Talvez um dos casos mais paradigmáticos seja o de Hans Fallada, cujo verdadeiro nome era Rudolph Willhelm Friedrich Ditzen¹ e que nasceu em Greifswald, no norte da Alemanha, em 1893. A carta enviada do asilo Strelitz a seu filho Uli em o outono de 1944 pretendia representar um marco, um ponto de virada numa vida comum. Algumas semanas antes, em julho de 1944, num incidente inexplicável, ele havia disparado uma arma que feriu levemente sua esposa Anna “Suse” Issel e entrou no manicômio com uma acusação de assassinato nas costas. Mas na vida de Fallada não era uma exceção. Desde sua juventude, sua vida tinha sido até aquele momento um carrossel de vícios, de momentos baixos, depressão e loucura. O escritor já havia atingido o fundo do poço muitas vezes. Talvez tenha sido marcado desde a infância pela presença de um pai severo e distante, um juiz da Suprema Corte, e por um acidente em 1909, quando mal tinha dezesseis anos, que quase lhe custou a vida e a febre tifoide pouco tempo depois do acidente reduziu sua saúde para sempre.
 
Crucial para o futuro do autor também parece ser um falso suicídio mascarado em duelo com seu amigo Hans Dietrich von Necker em 1911 e que terminou com a morte deste. Possivelmente, o fato escondia algum tipo de relação homossexual que eles queriam abafar, mas o fato marcou de forma definitiva a personalidade de Fallada, que desde então embarcou em intermináveis ​​comportamentos autodestrutivos.
 
Desde sua juventude Fallada se tornou um viciado em morfina (que ele reflete tão bem em Diário de um morfinomaníaco), álcool, nicotina e todos os tipos de fármacos*. Sua juventude e maturidade será um vai e vem entre hospitais, manicômios e clínicas de desintoxicação.

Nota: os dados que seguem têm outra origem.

(* Let $B_1,\ldots,B_r$ be size-$2$ subsets of $\mathbb Z_T$ with $r\ge T^3$. Then there exists a nontrivial subgroup $H\le\mathbb Z_T$ such that the multiset $B_1+B_2+\cdots+B_r$ has bias at most $4T^{3/2}/r^{1/2}$ with respect to $H$.
   Context: $\mathbb Z_T$ is the additive cyclic group of order $T$. For multisets $A,B$, $A+B=\{a+b:a\in A,b\in B\}$ as a multiset; $\mu_A(x)$ is the multiplicity of $x$ in $A$. A multiset $A$ has bias at most $\epsilon$ with respect to a subgroup $H$ if $\mu_A(a)\le(1+\epsilon)\mu_A(a+h)$ for all $a\in A$ and all $h\in H$. *)

theory Defs
  imports Complex_Main "HOL-Library.Multiset"
begin

text \<open>Z_T is modelled by the residues {0..<T} (as nat) with addition mod T.\<close>

definition msumset :: "nat \<Rightarrow> nat multiset \<Rightarrow> nat multiset \<Rightarrow> nat multiset" where
  "msumset T A B = (\<Sum>a\<in>#A. image_mset (\<lambda>b. (a + b) mod T) B)"

fun iter_sumset :: "nat \<Rightarrow> (nat \<Rightarrow> nat set) \<Rightarrow> nat \<Rightarrow> nat multiset" where
  "iter_sumset T B 0 = {#0#}"
| "iter_sumset T B (Suc n) = msumset T (iter_sumset T B n) (mset_set (B n))"

definition zsubgroup :: "nat \<Rightarrow> nat set \<Rightarrow> bool" where
  "zsubgroup T H \<longleftrightarrow> H \<subseteq> {..<T} \<and> 0 \<in> H \<and>
     (\<forall>x\<in>H. \<forall>y\<in>H. (x + y) mod T \<in> H) \<and> (\<forall>x\<in>H. (T - x) mod T \<in> H)"

definition bias_at_most :: "nat \<Rightarrow> nat multiset \<Rightarrow> nat set \<Rightarrow> real \<Rightarrow> bool" where
  "bias_at_most T A H \<epsilon> \<longleftrightarrow>
     (\<forall>a\<in>#A. \<forall>h\<in>H. real (count A a) \<le> (1 + \<epsilon>) * real (count A ((a + h) mod T)))"

end
(* Let $\mathcal{X}\subset\mathbb{R}^d$ be compact, let $k$ be a positive definite kernel on $\mathcal{X}$ with $k(x,x)\le 1$ for all $x\in\mathcal{X}$, and let $f\in\mathcal{H}_k$. Assume the kernel matrices $\mathbf{K}_t$ of the query points are invertible and that all maximizers below exist. Let $x_1,\dots,x_T$ be generated by Algorithm 1: for $t=1,\dots,T$, $x_t\in\arg\max_{x\in\mathcal{X}}\, m_{t-1}(x)+\|f\|_{\mathcal{H}_k}\sigma_{t-1}(x)$, and $f(x_t)$ is observed. Fix any $\sigma>0$ and let $C_1=\frac{8}{\log(1+\sigma^{-2})}$. Then $$R_T\le \|f\|_{\mathcal{H}_k}\sqrt{T C_1\gamma_T},\qquad r_T\le \|f\|_{\mathcal{H}_k}\sqrt{\frac{C_1\gamma_T}{T}}.$$
   Context: For query points $x_1,\dots,x_t$, $\mathbf{k}_t(x)=[k(x,x_1),\dots,k(x,x_t)]^T$, $\mathbf{K}_t=[k(x_i,x_j)]_{1\le i,j\le t}$, $\mathbf{f}_t=[f(x_1),\dots,f(x_t)]^T$, and (noise-free) $m_t(x)=\mathbf{k}_t(x)^T\mathbf{K}_t^{-1}\mathbf{f}_t$, $\sigma_t^2(x)=k(x,x)-\mathbf{k}_t(x)^T\mathbf{K}_t^{-1}\mathbf{k}_t(x)$, with $m_0\equiv 0$, $\sigma_0^2(x)=k(x,x)$. Let $x^*\in\arg\max_{x\in\mathcal{X}}f(x)$. Cumulative regret $R_T=\sum_{t=1}^T(f(x^* )-f(x_t))$; simple regret $r_T=f(x^* )-\max_{1\le t\le T}f(x_t)$. Maximum information gain: $\gamma_T=\max_{x_1,\dots,x_T\in\mathcal{X}}\frac12\log\det(\mathbf{I}_T+\sigma^{-2}\mathbf{K}_T)$. *)

theory Defs
  imports "HOL-Analysis.Analysis" "Jordan_Normal_Form.Determinant"
          "Jordan_Normal_Form.Gauss_Jordan_Elimination"
begin
lemma in_C_induct [consumes 1, case_names czero homog cadd]:
  assumes "C c"
    and zero: "P czero"
    and homog: "\<And>r c. H r c \<Longrightarrow> P c"
    and add: "\<And>c d. C c \<Longrightarrow> C d \<Longrightarrow> P c \<Longrightarrow> P d \<Longrightarrow> P (cadd c d)"
  shows "P c"
proof -
  define part :: "nat set \<Rightarrow> ('a, 'e) cochain"
    where "part S = \<lparr>c0 = 0, c1 = 0, cr = (\<lambda>r. if r \<in> S then cr c r else (\<lambda>_. 0))\<rparr>" for S
  have part: "C (part S) \<and> P (part S)" if "finite S" for S
    using that
  proof (induction S rule: finite_induct)
    case empty
    have "part {} = czero" by (simp add: part_def czero_def)
    then show ?case using zero by simp
  next
    case (insert k S)
    have split: "part (insert k S) = cadd (embr k (cr c k)) (part S)"
      using insert(2) by (intro cochain_eqI) (auto simp: part_def cochain_defs)
    have "H k (embr k (cr c k))"
    proof (cases "2 \<le> k")
      case True
      then show ?thesis using \<open>C c\<close> homog_embr unfolding in_C_def by blast
    next
      case False
      then have "k = 0 \<or> k = 1" by arith
      with \<open>C c\<close> have "embr k (cr c k) = (czero :: ('a, 'e) cochain)"
        unfolding in_C_def by (intro cochain_eqI) (auto simp: cochain_defs)
      then show ?thesis by (simp only: homog_czero)
    qed
    then show ?case using insert.IH split add homog homog_imp_C by simp
  qed
  define S where "S = {r. cr c r \<noteq> (\<lambda>_. 0)}"
  have "finite S" using \<open>C c\<close> unfolding in_C_def S_def by simp
  moreover have "c = cadd (emb0 (c0 c)) (cadd (emb1 (c1 c)) (part S))"
    by (intro cochain_eqI) (auto simp: cochain_defs part_def S_def)
  ultimately show ?thesis
    using part add homog[OF homog_emb0] homog[OF homog_emb1] by (metis C_cadd C_emb0 C_emb1)
qed

end

locale graded_bilinear = symmetric_form_module \<iota> smul g
  for \<iota> :: "'r::comm_ring_1 \<Rightarrow> 'a::comm_ring_1" and smul :: "'a \<Rightarrow> 'e::ab_group_add \<Rightarrow> 'e" and g +
  fixes op :: "('a, 'e) cochain \<Rightarrow> ('a, 'e) cochain \<Rightarrow> ('a, 'e) cochain"
    and \<delta> :: nat
  assumes op_cadd_left: "C c \<Longrightarrow> C c' \<Longrightarrow> C d \<Longrightarrow> op (cadd c c') d = cadd (op c d) (op c' d)"
    and op_cadd_right: "C c \<Longrightarrow> C c' \<Longrightarrow> C d \<Longrightarrow> op d (cadd c c') = cadd (op d c) (op d c')"
    and op_cscale_left: "C c \<Longrightarrow> C d \<Longrightarrow> op (cscale \<iota> smul k c) d = cscale \<iota> smul k (op c d)"
    and op_cscale_right: "C c \<Longrightarrow> C d \<Longrightarrow> op d (cscale \<iota> smul k c) = cscale \<iota> smul k (op d c)"
    and homog_op: "H s c \<Longrightarrow> H t d \<Longrightarrow> H (s + t - \<delta>) (op c d)"
    and op_eq_czero_if_deg_less: "H s c \<Longrightarrow> H t d \<Longrightarrow> s + t < \<delta> \<Longrightarrow> op c d = czero"
begin

lemma op_czero_left [simp]: "C d \<Longrightarrow> op czero d = czero"
  and op_czero_right [simp]: "C d \<Longrightarrow> op d czero = czero"
  using op_cadd_left[of czero czero d] op_cadd_right[of czero czero d]
  by (simp_all add: cadd_self_eq_czero)

lemma C_op [simp]:
  assumes "C c" "C d"
  shows "C (op c d)"
  using assms
proof (induction c rule: in_C_induct)
  case (homog r c)
  from \<open>C d\<close> show ?case
  proof (induction d rule: in_C_induct)
    case (homog s d)
    with \<open>H r c\<close> show ?case by (blast intro: homog_imp_C homog_op)
  qed (use \<open>H r c\<close> homog_imp_C in \<open>simp_all add: op_cadd_right\<close>)
qed (simp_all add: op_cadd_left)

lemma op_cneg_left: "C c \<Longrightarrow> C d \<Longrightarrow> op (cneg c) d = cneg (op c d)"
  and op_cneg_right: "C c \<Longrightarrow> C d \<Longrightarrow> op d (cneg c) = cneg (op d c)"
  by (simp_all add: cneg_eq_cscale op_cscale_left op_cscale_right)

lemma op_csign_left: "C c \<Longrightarrow> C d \<Longrightarrow> op (csign n c) d = csign n (op c d)"
  and op_csign_right: "C c \<Longrightarrow> C d \<Longrightarrow> op d (csign n c) = csign n (op d c)"
  by (simp_all add: csign_def op_cneg_left op_cneg_right)

end

locale cochain_bracket = symmetric_form_module \<iota> smul g
  for \<iota> :: "'r::comm_ring_1 \<Rightarrow> 'a::comm_ring_1" and smul :: "'a \<Rightarrow> 'e::ab_group_add \<Rightarrow> 'e" and g +
  fixes br :: "('a, 'e) cochain \<Rightarrow> ('a, 'e) cochain \<Rightarrow> ('a, 'e) cochain"
  assumes nondegenerate: "inj g"
    and full: "full_form g"
    and bracket: "is_bracket \<iota> smul g br"
begin

lemma br_cadd_left: "C c \<Longrightarrow> C c' \<Longrightarrow> C d \<Longrightarrow> br (cadd c c') d = cadd (br c d) (br c' d)"
  using bracket unfolding is_bracket_def by (elim conjE) metis
lemma norm_resolvent_le:
  fixes A :: "complex^'n^'n"
  assumes "smax A < norm z"
  shows "norm (resolvent A z *v v) \<le> norm v / (norm z - smax A)"
proof -
  have "z \<notin> mspectrum A" using assms norm_eigenvalue_le_smax by fastforce
  define y where "y = resolvent A z *v v"
  have solves: "A *v y - z *s y = v"
    using resolvent_solves(1)[OF \<open>z \<notin> mspectrum A\<close>, of v]
    by (simp add: y_def shifted_matrix_vector_mult)
  have "z *s y = A *v y - v" unfolding solves[symmetric] by simp
  then have "norm z * norm y = norm (A *v y - v)" by (metis norm_scalar_mult_vec)
  also have "\<dots> \<le> smax A * norm y + norm v"
    using norm_triangle_ineq4[of "A *v y" v] norm_matrix_vector_mult_le_smax[of A y] by simp
  finally have "norm y * (norm z - smax A) \<le> norm v" by (simp add: algebra_simps)
  then show ?thesis using assms by (simp add: y_def pos_le_divide_eq)
qed

lemma resolvent_small_somewhere:
  fixes A :: "complex^'n^'n"
  assumes "e > 0"
  obtains z where "z \<notin> mspectrum A" and "\<And>v. norm (resolvent A z *v v) \<le> e * norm v"
proof
  define z where "z = complex_of_real (smax A + 1 / e)"
  have nz: "norm z = smax A + 1 / e"
    unfolding z_def norm_of_real using smax_nonneg[of A] assms by simp
  then show "z \<notin> mspectrum A" using assms norm_eigenvalue_le_smax by fastforce
  show "norm (resolvent A z *v v) \<le> e * norm v" for v
    using norm_resolvent_le[of A z v] nz assms by (simp add: mult.commute)
qed

lemma det_shifted_eq_poly:
  fixes A :: "complex^'n^'n"
  shows "\<exists>p. \<forall>z. det (A - mat z) = poly p z"
proof
  let ?p = "\<Sum>\<pi>\<in>{\<pi>. \<pi> permutes (UNIV::'n set)}. smult (of_int (sign \<pi>))
      (\<Prod>i\<in>UNIV. [:A$i$(\<pi> i), if i = \<pi> i then -1 else 0:]) :: complex poly"
  have entry: "poly [:A$i$j, if i = j then -1 else 0:] z = (A - mat z)$i$j" for i j z
    by (simp add: mat_def)
  show "\<forall>z. det (A - mat z) = poly ?p z"
    unfolding det_def poly_sum poly_smult poly_prod entry by (intro allI refl)
qed

lemma finite_mspectrum: "finite (mspectrum (A::complex^'n^'n))"
proof -
  obtain p where p: "\<And>z. det (A - mat z) = poly p z" using det_shifted_eq_poly[of A] by blast
  have spec: "mspectrum A = {z. poly p z = 0}"
    by (auto simp: mspectrum_iff_not_invertible invertible_det_nz p)
  obtain z where "z \<notin> mspectrum A" using resolvent_small_somewhere[of 1 A] by auto
  then have "p \<noteq> 0" by (auto simp: spec)
  then show ?thesis by (simp add: spec poly_roots_finite)
qed

lemma open_resolvent_set: "open (- mspectrum (A::complex^'n^'n))"
  by (simp add: finite_imp_closed finite_mspectrum open_Compl)

lemma connected_resolvent_set: "connected (- mspectrum (A::complex^'n^'n))"
  using connected_open_delete_finite[OF open_UNIV connected_UNIV _ finite_mspectrum, of A]
  by (simp add: Compl_eq_Diff_UNIV)

lemma holomorphic_on_det:
  fixes F :: "complex \<Rightarrow> complex^'n^'n"
  assumes "\<And>i j. (\<lambda>z. F z $ i $ j) holomorphic_on S"
  shows "(\<lambda>z. det (F z)) holomorphic_on S"
  unfolding det_def by (intro holomorphic_intros assms)

lemma holomorphic_resolvent_component:
  fixes A :: "complex^'n^'n"
  shows "(\<lambda>z. (resolvent A z *v v) $ k) holomorphic_on - mspectrum A"
proof (rule holomorphic_transform)
  let ?C = "\<lambda>z. \<chi> i j. if j = k then v$i else (A - mat z)$i$j"
  have entries: "(\<lambda>z. (A - mat z)$i$j) holomorphic_on S" for i j S
    by (cases "i = j") (simp_all add: mat_def holomorphic_intros)
  moreover have "(\<lambda>z. ?C z $ i $ j) holomorphic_on S" for i j S
    using entries[of i j] by (cases "j = k") simp_all
  ultimately show "(\<lambda>z. det (?C z) / det (A - mat z)) holomorphic_on - mspectrum A"
    by (intro holomorphic_on_divide holomorphic_on_det)
      (simp_all add: mspectrum_iff_not_invertible invertible_det_nz)
  fix z assume z: "z \<in> - mspectrum A"
  then have "det (A - mat z) \<noteq> 0" by (simp add: mspectrum_iff_not_invertible invertible_det_nz)
  from cramer[OF this, THEN iffD1, OF resolvent_solves(1)] z
  show "det (?C z) / det (A - mat z) = (resolvent A z *v v) $ k"
    by (simp add: vec_eq_iff)
qed

section \<open>Extreme singular values of the resolvent\<close>

definition cinner :: "complex^'n \<Rightarrow> complex^'n \<Rightarrow> complex" where
  "cinner w y = (\<Sum>i\<in>UNIV. cnj (w$i) * y$i)"

lemma norm_cinner_le: "norm (cinner w y) \<le> norm w * norm y"
proof -
  have "norm (cinner w y) \<le> (\<Sum>i\<in>UNIV. \<bar>norm (w$i)\<bar> * \<bar>norm (y$i)\<bar>)"
    unfolding cinner_def by (rule order_trans[OF norm_sum]) (simp add: norm_mult)
  also have "\<dots> \<le> norm w * norm y"
    unfolding norm_vec_def by (rule L2_set_mult_ineq)
  finally show ?thesis .
qed

lemma cinner_self: "cinner w w = complex_of_real ((norm w)\<^sup>2)"
proof -
  have "(norm w)\<^sup>2 = (\<Sum>i\<in>UNIV. (norm (w$i))\<^sup>2)"
    unfolding norm_vec_def L2_set_def by (simp add: sum_nonneg)
  then have "complex_of_real ((norm w)\<^sup>2) = (\<Sum>i\<in>UNIV. complex_of_real ((norm (w$i))\<^sup>2))"
    by simp
  also have "\<dots> = cinner w w"
    unfolding cinner_def by (rule sum.cong) (simp_all only: complex_norm_square mult.commute)
  finally show ?thesis ..
qed
lemma nn_integral_suminf_indicator_greaterThan:
  fixes U :: "'a \<Rightarrow> real"
  assumes [measurable]: "U \<in> borel_measurable M"
  shows "(\<integral>\<^sup>+x. (\<Sum>k. w k * indicator {t k <..} (U x)) \<partial>M)
    = (\<Sum>k. w k * emeasure M {x \<in> space M. t k < U x})"
proof -
  have "(\<integral>\<^sup>+x. w k * indicator {t k <..} (U x) \<partial>M) = w k * emeasure M {x \<in> space M. t k < U x}" for k
    by (subst nn_integral_cmult_indicator[symmetric]) (auto intro!: nn_integral_cong simp: indicator_def)
  then show ?thesis by (simp add: nn_integral_suminf)
qed

text \<open>
  In the two sums of the dyadic decomposition the weights \<open>4^-k\<close> beat the growth \<open>2^(k\<alpha>)\<close>
  of the tail bound at small thresholds because \<open>\<alpha> < 2\<close>, and the decay \<open>2^(-k\<alpha>)\<close> of the
  tail beats the weights \<open>2^k\<close> at large thresholds because \<open>1 < \<alpha>\<close>.
\<close>

lemma suminf_small_dyadic_tail_le:
  fixes U :: "'a \<Rightarrow> real" and A \<alpha> :: real
  assumes tail: "\<And>t. 0 < t \<Longrightarrow> emeasure M {x \<in> space M. t < U x} \<le> ennreal (A * t powr - \<alpha>)"
    and "0 \<le> A" "\<alpha> < 2"
  shows "(\<Sum>k. ennreal ((1 / 4) ^ k) * emeasure M {x \<in> space M. 1 / 2 ^ (k + 1) < U x})
    \<le> ennreal (A * 2 powr \<alpha> / (1 - 2 powr \<alpha> / 4))"
proof (rule suminf_ennreal_le_geometric)
  fix k :: nat
  have "ennreal ((1 / 4) ^ k) * emeasure M {x \<in> space M. 1 / 2 ^ (k + 1) < U x}
      \<le> ennreal ((1 / 4) ^ k) * ennreal (A * (1 / 2 ^ (k + 1)) powr - \<alpha>)"
    by (intro mult_left_mono tail) auto
  also have "(1 / 2 ^ (k + 1) :: real) powr - \<alpha> = (2 powr \<alpha>) ^ (k + 1)"
    by (simp add: powr_minus_divide powr_divide power_powr del: power_Suc)
  also have "ennreal ((1 / 4) ^ k) * ennreal (A * (2 powr \<alpha>) ^ (k + 1))
      = ennreal (A * 2 powr \<alpha> * (2 powr \<alpha> / 4) ^ k)"
    using \<open>0 \<le> A\<close> by (simp add: ennreal_mult'[symmetric] power_divide field_simps)
  finally show "ennreal ((1 / 4) ^ k) * emeasure M {x \<in> space M. 1 / 2 ^ (k + 1) < U x}
      \<le> ennreal (A * 2 powr \<alpha> * (2 powr \<alpha> / 4) ^ k)" .
  show "2 powr \<alpha> / 4 < (1::real)" using powr_less_mono[of \<alpha> 2 2] \<open>\<alpha> < 2\<close> by simp
qed (use \<open>0 \<le> A\<close> in auto)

Já durante a Primeira Guerra Mundial foi demitido do emprego e internado em várias clínicas na Turíngia, de onde saiu em 1919, terminada a guerra e com a Alemanha atingida por uma das maiores crises econômicas da sua história. Nesses anos trabalhou como agricultor num curral, uma vida que o apazigua e que de certa forma tentará reproduzir anos depois com seu exílio rural em Carwitz, onde viverá os anos mais calmos de sua existência.
 
Berlim: triunfo literário, prisão e loucura
 
O início dos anos vinte representa a decolagem literária de Fallada. A cidade, apesar da terrível crise econômica, é uma colmeia de vida e ideias que o alimentam. A capital alemã nunca esteve tão viva como naqueles anos: Potsdamer Platz, Alexander Platz, Unter den Linden, são uma colmeia de cafés, encontros, aproveitadores e sobreviventes. Desses anos são seus dois primeiros romances: Der junge Goedeschal, de 1920, e Anton und Gerda, de 1923, que ainda não têm grande repercussão. Os vícios de Fallada ainda estão lá, ele escreve com raiva e delírio, mas também se envolve em problemas financeiros repetidamente que terminam com alguns meses de prisão por fraude em 1923 e depois com uma sentença mais longa e encarceramento na prisão de Münster, por peculato.
 
A morfina é a principal companheira dessa época, mesmo acima do álcool. Ele não está mais em Berlim, mora na cidade de Neumünster, cerca de sessenta quilômetros ao norte de Hamburgo. Só por volta de 1928 parece que o destino lhe dá uma pequena trégua: se filia ao SPD (Partido Social-Democrata Alemão), começa a trabalhar em um pequeno jornal, o General-Anzeiger, e fica noivo de outra jornalista, Anna Issel, o grande amor de sua vida agitada.
 
Parece que algo muda nesses anos, que ele pode, apesar de continuar com seus vícios, redirecionar sua vida. Em 1931 mudou-se de volta para Berlim, para Neuenhagen, na zona leste da cidade. Já trabalha para a editora Rowohlt, seu filho Uli nasce, publica seu primeiro romance de sucesso Bauern, Bomben und Bonzen (1931) que é seguido logo após Pequeno homem, e agora o quê? (1932) que amplifica o eco do anterior. Nos Estados Unidos e no Reino Unido se tornaria o livro do mês em 1934 e com os direitos que arrecada parece que sua situação financeira é, a priori, aliviada de forma definitiva.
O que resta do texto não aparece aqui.